*** Opening of DATA UNDER STUDY ***
lemma cr_functional_D: assumes U: "U \<in> V" shows "cr_functional (D U) = 0"
proof -
  have ad_D: "br (D W) z = vsub (D (br W z)) (br W (D z))" if "W \<in> V" "z \<in> V" for W z
    using D_br[OF that] by (simp add: vec_defs fun_eq_iff)
  have "tr n (J \<circ> br (D U)) = tr n (\<lambda>z. vsub (D ((J \<circ> br U) z)) ((J \<circ> br U) (D z)))"
    by (rule tr_cong) (use U ad_D D_J_comm in simp)
  also have "\<dots> = 0" by (rule tr_commutator[OF D_lin lin_comp[OF br_lin[OF U] J_lin]])
  finally have 1: "tr n (J \<circ> br (D U)) = 0" .
  have "tr n (br (J (D U))) = tr n (\<lambda>z. vsub (D (br (J U) z)) (br (J U) (D z)))"
    by (rule tr_cong) (use U ad_D D_J_comm[of U, symmetric] in simp)
  also have "\<dots> = 0" by (rule tr_commutator[OF D_lin br_lin]) (use U in simp)
  finally have 2: "tr n (br (J (D U))) = 0" .
  show ?thesis unfolding cr_functional_def 1 2 by simp
qed

lemma P_D: assumes x: "x \<in> V" shows "P (D x) = vsmul (-1) (Dt (P x))"
proof -
  have "\<omega> (vadd (P (D x)) (Dt (P x))) y = 0" if y: "y \<in> V" for y
  proof -
    have "\<omega> (vadd (P (D x)) (Dt (P x))) y = \<omega> (P (D x)) y + \<omega> (P x) (D y)"
      using x y lin_in[OF P_lin] \<omega>_D by simp
    also have "\<dots> = cr_functional (D (br x y))"
      using x y \<omega>_P D_br by (simp add: cr_form_functional cr_functional_add)
    finally show ?thesis using cr_functional_D x y by simp
  qed
  hence "vadd (P (D x)) (Dt (P x)) = vzero" by (intro \<omega>_nondegenerate) (use x lin_in[OF P_lin] in simp_all)
  thus ?thesis by (simp add: vec_defs fun_eq_iff add_eq_0_iff)
qed

definition Dsym :: "vec \<Rightarrow> vec" where "Dsym x = vsmul (1/2) (vadd (D x) (Dt x))"
definition Dskew :: "vec \<Rightarrow> vec" where "Dskew x = vsmul (1/2) (vsub (D x) (Dt x))"

text \<open>Since \<open>P = cI + Dsym\<close>, this is \<open>Dsym \<circ> P\<close>; it vanishes because it is a symmetric
  commutator \<open>[Dskew, Dsym]/2\<close> (by \<open>PD = -D\<^sup>tP\<close>), whose square has trace zero.\<close>
definition K :: "vec \<Rightarrow> vec" where "K x = vadd (Dsym (Dsym x)) (vsmul c (Dsym x))"

lemma Dsym_lin: "lin_on n n Dsym" unfolding lin_on_def Dsym_def by (simp; simp add: vec_defs algebra_simps)
lemma Dskew_lin: "lin_on n n Dskew" unfolding lin_on_def Dskew_def by (simp; simp add: vec_defs algebra_simps)
lemmas Dsym_simps[simp] = lin_simps[OF Dsym_lin] and Dskew_simps[simp] = lin_simps[OF Dskew_lin]
lemma K_lin: "lin_on n n K" unfolding lin_on_def K_def by (simp; simp add: vec_defs algebra_simps)
lemmas K_simps[simp] = lin_simps[OF K_lin]

lemma D_split: "x \<in> V \<Longrightarrow> D x = vadd (Dsym x) (Dskew x)"
  unfolding Dsym_def Dskew_def by (simp add: vec_defs algebra_simps)

lemma Dskew_eq_sub: "Dskew x = vsub (D x) (Dsym x)"
  unfolding Dsym_def Dskew_def by (simp add: vec_defs algebra_simps)

lemma g_Dsym: "x \<in> V \<Longrightarrow> y \<in> V \<Longrightarrow> g (Dsym x) y = g x (Dsym y)"
  unfolding Dsym_def using g_D g_Dt by (simp add: algebra_simps)
lemma g_Dskew: "x \<in> V \<Longrightarrow> y \<in> V \<Longrightarrow> g (Dskew x) y = - g x (Dskew y)"
  unfolding Dskew_def using g_D g_Dt by (simp add: algebra_simps)
lemma g_K: "x \<in> V \<Longrightarrow> y \<in> V \<Longrightarrow> g (K x) y = g x (K y)"
  unfolding K_def using g_Dsym by simp

lemma Dsym_J: "x \<in> V \<Longrightarrow> Dsym (J x) = J (Dsym x)" unfolding Dsym_def by (simp add: D_J_comm Dt_J)

lemma K_commutator: assumes x: "x \<in> V" shows "K x = vsmul (1/2) (vsub (Dskew (Dsym x)) (Dsym (Dskew x)))"
proof -
  have "vadd (vsmul c (D x)) (vsmul (1/2) (vadd (D (D x)) (Dt (D x))))
      = vsmul (-1) (vadd (vsmul c (Dt x)) (vsmul (1/2) (vadd (Dt (D x)) (Dt (Dt x)))))"
    using P_D[OF x] x by (simp add: P_expand)
  hence pdi: "c * D x i + 1/2 * (D (D x) i + Dt (D x) i) = - (c * Dt x i + 1/2 * (Dt (D x) i + Dt (Dt x) i))"
    for i by (simp add: vec_defs fun_eq_iff)
  show ?thesis
    apply (simp add: K_def Dsym_def Dskew_def x)
    apply (simp add: vec_defs fun_eq_iff)
    apply (rule allI)
    subgoal for i using pdi[of i] by (simp add: field_simps)
    done
qed

lemma tr_K_K: "tr n (K \<circ> K) = 0"
proof -
  have "tr n (K \<circ> K) = tr n (\<lambda>x. vsmul (1/2) (vsub (K (Dskew (Dsym x))) (K (Dsym (Dskew x)))))"
  proof (rule tr_cong)
    fix x assume x: "x \<in> V"
    show "(K \<circ> K) x = vsmul (1/2) (vsub (K (Dskew (Dsym x))) (K (Dsym (Dskew x))))"
      using K_commutator[OF x] x by simp
  qed
  also have "\<dots> = (1/2) * (tr n ((K \<circ> Dskew) \<circ> Dsym) - tr n (K \<circ> Dsym \<circ> Dskew))"
    by (simp add: tr_smul tr_sub[of n "\<lambda>x. K (Dskew (Dsym x))" "\<lambda>x. K (Dsym (Dskew x))", simplified] comp_def)
  also have "tr n ((K \<circ> Dskew) \<circ> Dsym) = tr n (Dsym \<circ> (K \<circ> Dskew))"
    by (rule tr_comp_commute) (simp_all add: Dsym_lin lin_comp[OF Dskew_lin K_lin])
  also have "\<dots> = tr n (K \<circ> Dsym \<circ> Dskew)" by (rule tr_cong) (simp add: K_def)
  finally show ?thesis by (simp add: comp_def)
qed

lemma K_zero: assumes x: "x \<in> V" shows "K x = vzero"
proof -
  obtain bs where b: "onb bs" by (rule onb_exists)
  have bV: "\<And>k. k < length bs \<Longrightarrow> bs!k \<in> V" using b orthonormal_in unfolding onb_def by blast
  have "(\<Sum>k<length bs. g (K (bs!k)) (K (bs!k))) = tr n (K \<circ> K)"
    using tr_onb[OF b lin_comp[OF K_lin K_lin]] g_K bV by simp
  hence "(\<Sum>k<length bs. g (K (bs!k)) (K (bs!k))) = 0" using tr_K_K by simp
  hence "g (K (bs!k)) (K (bs!k)) = 0" if "k < length bs" for k
    using that g_nonneg bV by (subst (asm) sum_nonneg_eq_0_iff) auto
  hence "K (bs!k) = vzero" if "k < length bs" for k using that g_self_eq_0 bV by simp
  thus ?thesis by (rule lin_zero_on_onb[OF b K_lin _ x])
qed
lemma borel_measurable_series_prob:
  fixes K :: "'k::finite itself"
  assumes "finite N"
  shows "(\<lambda>(\<rho>, \<theta>). series_prob K N b e B E \<rho> \<theta> h) \<in> borel_measurable (borel \<Otimes>\<^sub>M borel)"
proof -
  let ?L = "latent_lborel N b e :: ('a \<Rightarrow> int \<Rightarrow> real^'k) measure"
  let ?M = "(borel \<Otimes>\<^sub>M borel) \<Otimes>\<^sub>M ?L"
  define event where "event \<theta> = {x \<in> space ?L. po_series N b e B E \<theta> x = h}" for \<theta>
  interpret L: sigma_finite_measure ?L
  proof -
    interpret product_sigma_finite "\<lambda>i. PiM {b i..e i} (\<lambda>t. lborel :: (real^'k) measure)"
      by (simp add: product_sigma_finite_def sigma_finite_PiM_lborel)
    show "sigma_finite_measure ?L" unfolding latent_lborel_def using assms by (rule sigma_finite)
  qed
  have snd: "snd \<in> measurable ?M (PiM N (\<lambda>i. PiM {b i..e i} (\<lambda>t. lborel :: (real^'k) measure)))"
    unfolding latent_lborel_def by (rule measurable_snd)
  have pred: "Measurable.pred ?M (\<lambda>z. po_series N b e B E (snd (fst z)) (snd z) = h)"
    by (rule pred_po_series_eq[OF assms snd]) auto
  have "(\<lambda>z. if po_series N b e B E (snd (fst z)) (snd z) = h then 1 else 0 :: ennreal) \<in> borel_measurable ?M"
    using pred unfolding pred_def by (intro measurable_If measurable_const) simp_all
  then have "(\<lambda>z. indicator (event (snd (fst z))) (snd z) :: ennreal) \<in> borel_measurable ?M"
    by (rule measurable_cong[THEN iffD1, rotated]) (auto simp: event_def indicator_def space_pair_measure)
  moreover have "(\<lambda>z. latent_density N b e (fst (fst z)) (snd (fst z)) (snd z)) \<in> borel_measurable ?M"
    using snd by (intro borel_measurable_latent_density) (simp_all add: latent_lborel_def)
  ultimately have "(\<lambda>z. latent_density N b e (fst (fst z)) (snd (fst z)) (snd z) * indicator (event (snd (fst z))) (snd z))
      \<in> borel_measurable ?M"
    by (intro borel_measurable_times_ennreal)
  from L.borel_measurable_nn_integral_fst[OF this]
  have "(\<lambda>p. \<integral>\<^sup>+ x. latent_density N b e (fst p) (snd p) x * indicator (event (snd p)) x \<partial>?L)
      \<in> borel_measurable (borel \<Otimes>\<^sub>M borel)"
    by simp
  then have "(\<lambda>p. enn2real (\<integral>\<^sup>+ x. latent_density N b e (fst p) (snd p) x * indicator (event (snd p)) x \<partial>?L))
      \<in> borel_measurable (borel \<Otimes>\<^sub>M borel)"
    by (rule borel_measurable_enn2real)
  moreover have "series_prob K N b e B E \<rho> \<theta> h
      = enn2real (\<integral>\<^sup>+ x. latent_density N b e \<rho> \<theta> x * indicator (event \<theta>) x \<partial>?L)" for \<rho> \<theta>
  proof -
    have "event \<theta> \<in> sets ?L"
      using sets_po_series_event[OF assms, of b e \<rho> \<theta> B E h]
      by (simp add: event_def sets_latent_measure sets_eq_imp_space_eq[OF sets_latent_measure])
    moreover have "latent_density N b e \<rho> \<theta> \<in> borel_measurable ?L"
      using borel_measurable_latent_density[of "\<lambda>x. x" ?L N b e "\<lambda>_. \<rho>" "\<lambda>_. \<theta>"] by simp
    ultimately show ?thesis
      unfolding series_prob_def measure_def latent_measure_eq_density[OF assms]
      by (simp add: emeasure_density event_def)
  qed
  ultimately show ?thesis by (simp add: case_prod_beta')
qed
(* Fix an integer $i\ge1$ and let $p_i(r)=\lim_{n\to\infty}\Pr(T^{(n)}_{1,i}=r)$, where $T^{(n)}$ is a uniformly random standard Young tableau of shape $(n,n)$. Then the variance of the probability distribution $p_i$ is $$-\frac{4\cdot 16^{-i}\,\big((2i+1)!\big)^2}{(i!)^4}-\frac{2\cdot 4^{-i}\,(2i+1)!}{(i!)^2}+6i+6.$$
   Context: A standard Young tableau of shape $(n,n)$ is a bijective filling $T$ of the cells $[a,b]$, $a\in\{1,2\}$, $1\le b\le n$, by $\{1,\dots,2n\}$ that increases along rows and down columns; $T_{1,i}$ denotes the entry in row 1, column $i$. The limits $p_i(r)$ exist and form a probability distribution on $\{i,\dots,2i-1\}$. *)

theory Defs
  imports Complex_Main
begin

text \<open>A filling is T :: nat => nat => nat, T a b = entry in row a, column b;
  it is required to be 0 outside the cells (so the set of tableaux is finite).\<close>

definition cells :: "nat \<Rightarrow> (nat \<times> nat) set" where
  "cells n = {1,2} \<times> {1..n}"

definition is_syt :: "nat \<Rightarrow> (nat \<Rightarrow> nat \<Rightarrow> nat) \<Rightarrow> bool" where
  "is_syt n T \<longleftrightarrow>
     bij_betw (\<lambda>(a,b). T a b) (cells n) {1..2*n}
   \<and> (\<forall>a b. (a,b) \<notin> cells n \<longrightarrow> T a b = 0)
   \<and> (\<forall>a b. (a,b) \<in> cells n \<longrightarrow> (a, Suc b) \<in> cells n \<longrightarrow> T a b < T a (Suc b))
   \<and> (\<forall>b. (1,b) \<in> cells n \<longrightarrow> (2,b) \<in> cells n \<longrightarrow> T 1 b < T 2 b)"

definition syt :: "nat \<Rightarrow> (nat \<Rightarrow> nat \<Rightarrow> nat) set" where
  "syt n = {T. is_syt n T}"

definition syt_prob :: "nat \<Rightarrow> nat \<Rightarrow> nat \<Rightarrow> real" where
  "syt_prob n i r = real (card {T \<in> syt n. T 1 i = r}) / real (card (syt n))"

definition p_lim :: "nat \<Rightarrow> nat \<Rightarrow> real" where
  "p_lim i r = lim (\<lambda>n. syt_prob n i r)"

definition dist_mean :: "(nat \<Rightarrow> real) \<Rightarrow> nat set \<Rightarrow> real" where
  "dist_mean p S = (\<Sum>r\<in>S. real r * p r)"

definition dist_variance :: "(nat \<Rightarrow> real) \<Rightarrow> nat set \<Rightarrow> real" where
  "dist_variance p S = (\<Sum>r\<in>S. (real r - dist_mean p S)^2 * p r)"

end

theory Submission
  imports Defs "HOL-Real_Asymp.Real_Asymp"
begin

text \<open>Recording for each of \<open>1, \<dots>, 2n\<close> whether it lies in the first row turns a standard
  Young tableau of shape \<open>(n,n)\<close> into a ballot (Dyck) word, bijectively.  The entry
  \<open>T\<^sub>1\<^sub>,\<^sub>i\<close> equals \<open>r\<close> iff letter \<open>r\<close> is the \<open>i\<close>-th up-step, so cutting the word there
  factors the count into two ballot numbers, both given by the reflection principle.  Letting
  \<open>n \<rightarrow> \<infinity>\<close> yields \<open>p\<^sub>i (i + k) = 2\<^sup>-\<^sup>i w\<^sub>i(k)\<close> with an explicit hypergeometric weight \<open>w\<^sub>i\<close>,
  and the sums \<open>\<Sum> k w\<^sub>i(k)\<close> and \<open>\<Sum> k\<^sup>2 w\<^sub>i(k)\<close> are Gosper-summable in closed form, which
  gives the mean and the variance.\<close>

section \<open>Ballot words\<close>

definition ups :: "bool list \<Rightarrow> nat" where
  "ups w = length (filter id w)"

definition downs :: "bool list \<Rightarrow> nat" where
  "downs w = length (filter Not w)"

lemma ups_simps [simp]:
  "ups [] = 0" "ups (True # w) = Suc (ups w)" "ups (False # w) = ups w"
  "ups (v @ w) = ups v + ups w"
  by (auto simp: ups_def)

lemma downs_simps [simp]:
  "downs [] = 0" "downs (True # w) = downs w" "downs (False # w) = Suc (downs w)"
  "downs (v @ w) = downs v + downs w"
  by (auto simp: downs_def)

lemma ups_add_downs: "ups w + downs w = length w"
  by (induction w) (simp_all add: ups_def downs_def)

text \<open>\<open>True\<close> is an up-step; \<open>ballot h w\<close> says that the lattice path \<open>w\<close> started at
  height \<open>h\<close> never goes below height 0.\<close>

fun ballot :: "nat \<Rightarrow> bool list \<Rightarrow> bool" where
  "ballot h [] = True"
| "ballot h (True # w) = ballot (Suc h) w"
| "ballot h (False # w) = (0 < h \<and> ballot (h - 1) w)"

lemma ballot_append: "ballot h (v @ w) \<longleftrightarrow> ballot h v \<and> ballot (h + ups v - downs v) w"
proof (induction v arbitrary: h)
  case (Cons x v)
  then show ?case by (cases x; cases h) auto
qed simp

lemma ballot_iff_prefixes:
  "ballot h w \<longleftrightarrow> (\<forall>k\<le>length w. downs (take k w) \<le> h + ups (take k w))"
proof (induction w arbitrary: h)
  case (Cons x w)
  have all_Suc: "(\<forall>k\<le>Suc m. P k) \<longleftrightarrow> P 0 \<and> (\<forall>k\<le>m. P (Suc k))" for P m
    by (metis Suc_le_mono le0 not0_implies_Suc)
  show ?case
    using Cons[of "Suc h"] Cons[of "h - 1"] by (cases x; cases h) (auto simp: all_Suc)
qed simp

definition ballot_words :: "nat \<Rightarrow> nat \<Rightarrow> nat \<Rightarrow> bool list set" where
  "ballot_words h a b = {w. ups w = a \<and> downs w = b \<and> ballot h w}"

lemma length_ballot_words: "w \<in> ballot_words h a b \<Longrightarrow> length w = a + b"
  using ups_add_downs[of w] by (simp add: ballot_words_def)

lemma finite_ballot_words: "finite (ballot_words h a b)"
proof (rule finite_subset)
  show "ballot_words h a b \<subseteq> {w. set w \<subseteq> UNIV \<and> length w = a + b}"
    using length_ballot_words by auto
qed (rule finite_lists_length_eq[OF finite])

lemma ballot_words_eq_Cons:
  assumes "0 < a + b"
  shows "ballot_words h a b =
      (if 0 < a then Cons True ` ballot_words (Suc h) (a - 1) b else {})
    \<union> (if 0 < h \<and> 0 < b then Cons False ` ballot_words (h - 1) a (b - 1) else {})"
proof (rule set_eqI)
  fix w
  show "w \<in> ballot_words h a b \<longleftrightarrow> w \<in>
      (if 0 < a then Cons True ` ballot_words (Suc h) (a - 1) b else {})
    \<union> (if 0 < h \<and> 0 < b then Cons False ` ballot_words (h - 1) a (b - 1) else {})"
  proof (cases w)
    case (Cons x v)
    then show ?thesis by (cases x) (auto simp: ballot_words_def)
  qed (use assms in \<open>auto simp: ballot_words_def\<close>)
qed

text \<open>The reflection principle: all words with \<open>a\<close> ups and \<open>b\<close> downs minus the reflected bad ones.\<close>

definition ballot_number :: "nat \<Rightarrow> nat \<Rightarrow> nat \<Rightarrow> int" where
  "ballot_number h a b =
     int ((a + b) choose b) - (if h + 1 \<le> b then int ((a + b) choose (b - h - 1)) else 0)"

lemma ballot_number_rec:
  assumes "0 < a + b" "b \<le> a + h"
  shows "ballot_number h a b =
      (if 0 < a then ballot_number (Suc h) (a - 1) b else 0)
    + (if 0 < h \<and> 0 < b then ballot_number (h - 1) a (b - 1) else 0)"
proof -
  consider "a = 0" | "0 < a" "b = 0" | "0 < a" "0 < b" by blast
  then show ?thesis
  proof cases
    case 1
    then show ?thesis using assms by (auto simp: ballot_number_def)
  next
    case 2
    then show ?thesis by (simp add: ballot_number_def)
  next
    case 3
    then obtain a' b' where ab: "a = Suc a'" "b = Suc b'" by (metis gr0_implies_Suc)
    define m where "m = a' + b"
    have pascal: "int (Suc m choose Suc k) = int (m choose k) + int (m choose Suc k)" for k
      by simp
    have lengths: "a + b = Suc m" "a' + b = m" "a + b' = m" using ab by (auto simp: m_def)
    show ?thesis
    proof (cases h)
      case 0
      then show ?thesis using ab pascal[of b'] pascal[of "b' - 1"]
        by (cases b') (simp_all add: ballot_number_def lengths)
    next
      case (Suc h')
      consider "b' \<le> Suc h'" | "Suc h' < b'" by linarith
      then show ?thesis
      proof cases
        case 1
        then show ?thesis using ab Suc by (auto simp: ballot_number_def lengths le_Suc_eq)
      next
        case 2
        define c where "c = b' - h' - 2"
        have c: "b' - h' - 1 = Suc c" "b' - Suc h' = Suc c" using 2 by (simp_all add: c_def)
        show ?thesis using ab Suc 2 pascal[of b'] pascal[of c]
          by (simp add: ballot_number_def lengths c c_def)
      qed
    qed
  qed
qed

lemma card_ballot_words: "b \<le> a + h \<Longrightarrow> int (card (ballot_words h a b)) = ballot_number h a b"
proof (induction "a + b" arbitrary: h a b)
  case 0
  then have "ballot_words h a b = {[]}"
    by (auto simp: ballot_words_def) (metis ups_add_downs add_0 length_0_conv)
  then show ?case using 0 by (simp add: ballot_number_def)
next
  case (Suc m)
  have pos: "0 < a + b" using Suc.hyps(2) by linarith
  have up: "int (card (if 0 < a then Cons True ` ballot_words (Suc h) (a - 1) b else {}))
      = (if 0 < a then ballot_number (Suc h) (a - 1) b else 0)"
    using Suc by (simp add: card_image)
  have down: "int (card (if 0 < h \<and> 0 < b then Cons False ` ballot_words (h - 1) a (b - 1) else {}))
      = (if 0 < h \<and> 0 < b then ballot_number (h - 1) a (b - 1) else 0)"
    using Suc by (simp add: card_image)
  have "int (card (ballot_words h a b))
      = int (card (if 0 < a then Cons True ` ballot_words (Suc h) (a - 1) b else {}))
      + int (card (if 0 < h \<and> 0 < b then Cons False ` ballot_words (h - 1) a (b - 1) else {}))"
    unfolding ballot_words_eq_Cons[OF pos] by (subst card_Un_disjoint) (auto simp: finite_ballot_words)
  then show ?case using up down ballot_number_rec[OF pos Suc.prems] by simp
qed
*** Close of DATA UNDER STUDY ***
- WORK TO COMPLETE -
Where a line in the records above includes the string "probability", show it.

- ANSWER BELOW -
(* Fix an integer $i\ge1$ and let $p_i(r)=\lim_{n\to\infty}\Pr(T^{(n)}_{1,i}=r)$, where $T^{(n)}$ is a uniformly random standard Young tableau of shape $(n,n)$. Then the variance of the probability distribution $p_i$ is $$-\frac{4\cdot 16^{-i}\,\big((2i+1)!\big)^2}{(i!)^4}-\frac{2\cdot 4^{-i}\,(2i+1)!}{(i!)^2}+6i+6.$$
   Context: A standard Young tableau of shape $(n,n)$ is a bijective filling $T$ of the cells $[a,b]$, $a\in\{1,2\}$, $1\le b\le n$, by $\{1,\dots,2n\}$ that increases along rows and down columns; $T_{1,i}$ denotes the entry in row 1, column $i$. The limits $p_i(r)$ exist and form a probability distribution on $\{i,\dots,2i-1\}$. *)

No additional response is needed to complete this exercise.